Hi Fabio,
On Wed, 12 Feb 2014 12:43:02 -0200, Fabio Estevam festevam@gmail.com wrote:
On Wed, Feb 12, 2014 at 12:40 PM, Hector Palacios hector.palacios@digi.com wrote:
The calloc() call was allocating space for the sizeof the struct pointer rather than for the struct contents.
Signed-off-by: Hector Palacios hector.palacios@digi.com
disk/part_efi.c | 2 +- 1 file changed, 1 insertion(+), 1 deletion(-)
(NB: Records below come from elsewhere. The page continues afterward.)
(* Let $R$ be an associative ring with identity and $M$ a left $R$-module which is projective in $\sigma[M]$. Then $Nil_*(M)\subseteq Rad(M)$.
   Context: $\Lambda^{fi}(M)$ is the set of fully invariant submodules of $M$. For $N,L\leq M$, $N_ML=\sum\{f(N)\mid f\in\mathrm{Hom}_R(M,L)\}$. $Spec(\Lambda^{fi}(M))$ is the set of $Q\in\Lambda^{fi}(M)$, $Q\neq M$, such that for all $N,L\in\Lambda^{fi}(M)$, $N_ML\subseteq Q$ implies $N\subseteq Q$ or $L\subseteq Q$. The lowest radical of $M$ is $Nil_*(M)=\bigcap\{Q\mid Q\in Spec(\Lambda^{fi}(M))\}$. $Rad(M)$ is the Jacobson radical of $M$ (intersection of all maximal submodules). *)

theory Defs
  imports "HOL-Algebra.Module"
begin

text \<open>HOL-Algebra's locale module requires a commutative ring, so we define left modules directly.\<close>

definition lmodule :: "('r, 'z) ring_scheme \<Rightarrow> ('r, 'a) module \<Rightarrow> bool" where
  "lmodule R M \<longleftrightarrow> ring R \<and> abelian_group M \<and>
     (\<forall>a\<in>carrier R. \<forall>x\<in>carrier M. a \<odot>\<^bsub>M\<^esub> x \<in> carrier M) \<and>
     (\<forall>a\<in>carrier R. \<forall>b\<in>carrier R. \<forall>x\<in>carrier M.
        (a \<oplus>\<^bsub>R\<^esub> b) \<odot>\<^bsub>M\<^esub> x = a \<odot>\<^bsub>M\<^esub> x \<oplus>\<^bsub>M\<^esub> b \<odot>\<^bsub>M\<^esub> x) \<and>
     (\<forall>a\<in>carrier R. \<forall>x\<in>carrier M. \<forall>y\<in>carrier M.
        a \<odot>\<^bsub>M\<^esub> (x \<oplus>\<^bsub>M\<^esub> y) = a \<odot>\<^bsub>M\<^esub> x \<oplus>\<^bsub>M\<^esub> a \<odot>\<^bsub>M\<^esub> y) \<and>
     (\<forall>a\<in>carrier R. \<forall>b\<in>carrier R. \<forall>x\<in>carrier M.
        (a \<otimes>\<^bsub>R\<^esub> b) \<odot>\<^bsub>M\<^esub> x = a \<odot>\<^bsub>M\<^esub> (b \<odot>\<^bsub>M\<^esub> x)) \<and>
     (\<forall>x\<in>carrier M. \<one>\<^bsub>R\<^esub> \<odot>\<^bsub>M\<^esub> x = x)"

definition submod :: "('r, 'z) ring_scheme \<Rightarrow> ('r, 'a) module \<Rightarrow> 'a set \<Rightarrow> bool" where
  "submod R M N \<longleftrightarrow> N \<subseteq> carrier M \<and> \<zero>\<^bsub>M\<^esub> \<in> N \<and>
     (\<forall>x\<in>N. \<forall>y\<in>N. x \<oplus>\<^bsub>M\<^esub> y \<in> N) \<and> (\<forall>x\<in>N. \<ominus>\<^bsub>M\<^esub> x \<in> N) \<and>
     (\<forall>a\<in>carrier R. \<forall>x\<in>N. a \<odot>\<^bsub>M\<^esub> x \<in> N)"

text \<open>Submodule generated by a subset S (so the sum of a family of submodules is the
  submodule generated by their union).\<close>
definition gen_submod :: "('r, 'z) ring_scheme \<Rightarrow> ('r, 'a) module \<Rightarrow> 'a set \<Rightarrow> 'a set" where
  "gen_submod R M S = carrier M \<inter> \<Inter> {N. submod R M N \<and> S \<subseteq> N}"

definition mod_hom :: "('r, 'z) ring_scheme \<Rightarrow> ('r, 'a) module \<Rightarrow> ('r, 'b) module \<Rightarrow> ('a \<Rightarrow> 'b) set" where
  "mod_hom R M N = {f. (\<forall>x\<in>carrier M. f x \<in> carrier N) \<and>
     (\<forall>x\<in>carrier M. \<forall>y\<in>carrier M. f (x \<oplus>\<^bsub>M\<^esub> y) = f x \<oplus>\<^bsub>N\<^esub> f y) \<and>
     (\<forall>a\<in>carrier R. \<forall>x\<in>carrier M. f (a \<odot>\<^bsub>M\<^esub> x) = a \<odot>\<^bsub>N\<^esub> f x)}"
(* Let $T:I\to I$, $I=[0,1]$, be a non-singular map whose Perron–Frobenius operator $P$ satisfies: there exist $\alpha_0\in(0,1)$ and $B_0\ge 0$ such that $VPf\le \alpha_0 Vf+B_0\|f\|_1$ for all $f\in BV(I)$. Let $\eta$ be any finite partition of $I$ into intervals and $P_\eta=\Pi_\eta\circ P\circ\Pi_\eta$ its Ulam approximation. Then, with $\hat B=1+\frac{B_0}{1-\alpha_0}$ (independent of $\eta$), for all $n\in\mathbb N$ and all $f\in BV(I)$, $$\|P^nf\|_{BV}\le \alpha_0^n\|f\|_{BV}+\hat B\|f\|_1,\qquad \|P_\eta^nf\|_{BV}\le \alpha_0^n\|f\|_{BV}+\hat B\|f\|_1 .$$ If moreover $\alpha_0<1/3$, then for every open interval $H\subset I$, the Perron–Frobenius operator $P_H$ of the map with hole $T_H$ satisfies, for all $n\in\mathbb N$ and all $f\in BV(I)$, $$\|P_H^nf\|_{BV}\le \alpha^n\|f\|_{BV}+B\|f\|_1,$$ where $\alpha=3\alpha_0<1$ and $B=1+\frac{2\alpha_0+B_0}{1-\alpha}$, constants independent of $H$.
   Context: $\lambda$ is Lebesgue measure on $I=[0,1]$, $L^1=L^1(I,\lambda)$. For $f\in L^1$, $Vf=\inf\{\mathrm{var}\,\bar f:\ \bar f=f \text{ a.e.}\}$, where $\mathrm{var}\,\bar f$ is the usual total variation of $\bar f$ on $[0,1]$; $BV(I)$ is the space of $f$ with $Vf<\infty$, normed by $\|f\|_{BV}=Vf+\|f\|_1$. $T$ non-singular means $\lambda(T^{-1}A)=0$ whenever $\lambda(A)=0$; its Perron–Frobenius operator $P:L^1\to L^1$ is defined by $\int_A Pf\,d\lambda=\int_{T^{-1}A}f\,d\lambda$ for all Borel $A$. For a finite partition $\eta$ of $I$ into intervals, $\Pi_\eta f(x)=\frac{1}{\lambda(J)}\int_J f\,d\lambda$ for $x\in J\in\eta$ (conditional expectation onto the $\sigma$-algebra generated by $\eta$). For an open interval $H\subset I$, let $X_0=I\setminus H$, $X_{n-1}=\bigcap_{i=0}^{n-1}T^{-i}X_0$, and $T_H=T|_{X_0}$; its Perron–Frobenius operator is $P_Hf=P(f\chi_{X_0})$, so that $P_H^nf=P^n(f\chi_{X_{n-1}})$. *)

theory Defs
  imports "HOL-Analysis.Analysis"
begin

definition lam :: "real measure" where
  "lam = restrict_space lborel {0..1}"

definition var01 :: "(real \<Rightarrow> real) \<Rightarrow> ereal" where
  "var01 g = (SUP xs \<in> {xs. sorted xs \<and> set xs \<subseteq> {0..1}}.
      ereal (\<Sum>i < length xs - 1. \<bar>g (xs ! Suc i) - g (xs ! i)\<bar>))"

definition Var :: "(real \<Rightarrow> real) \<Rightarrow> ereal" where
  "Var f = (INF g \<in> {g. AE x in lam. g x = f x}. var01 g)"

definition norm1 :: "(real \<Rightarrow> real) \<Rightarrow> real" where
  "norm1 f = (\<integral>x. \<bar>f x\<bar> \<partial>lam)"

definition BV :: "(real \<Rightarrow> real) set" where
  "BV = {f. integrable lam f \<and> Var f < \<infinity>}"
diff --git a/disk/part_efi.c b/disk/part_efi.c index 5dfaf490c89a..7fabec059d7a 100644 --- a/disk/part_efi.c +++ b/disk/part_efi.c @@ -232,7 +232,7 @@ static int set_protective_mbr(block_dev_desc_t *dev_desc) legacy_mbr *p_mbr;
/* Setup the Protective MBR */
p_mbr = calloc(1, sizeof(p_mbr));
p_mbr = calloc(1, sizeof(legacy_mbr));
What about:
p_mbr = calloc(1, sizeof(*p_mbr)) ?
I don't like the idea of setting p_mbr based on *p_mbr at a time where p_mbr is still undefined. I know that from a C standard perspective this is ok, but I'd rather simply not run any risk and pass sizeof the struct type, not a (non-existent) dereferenced 'value'.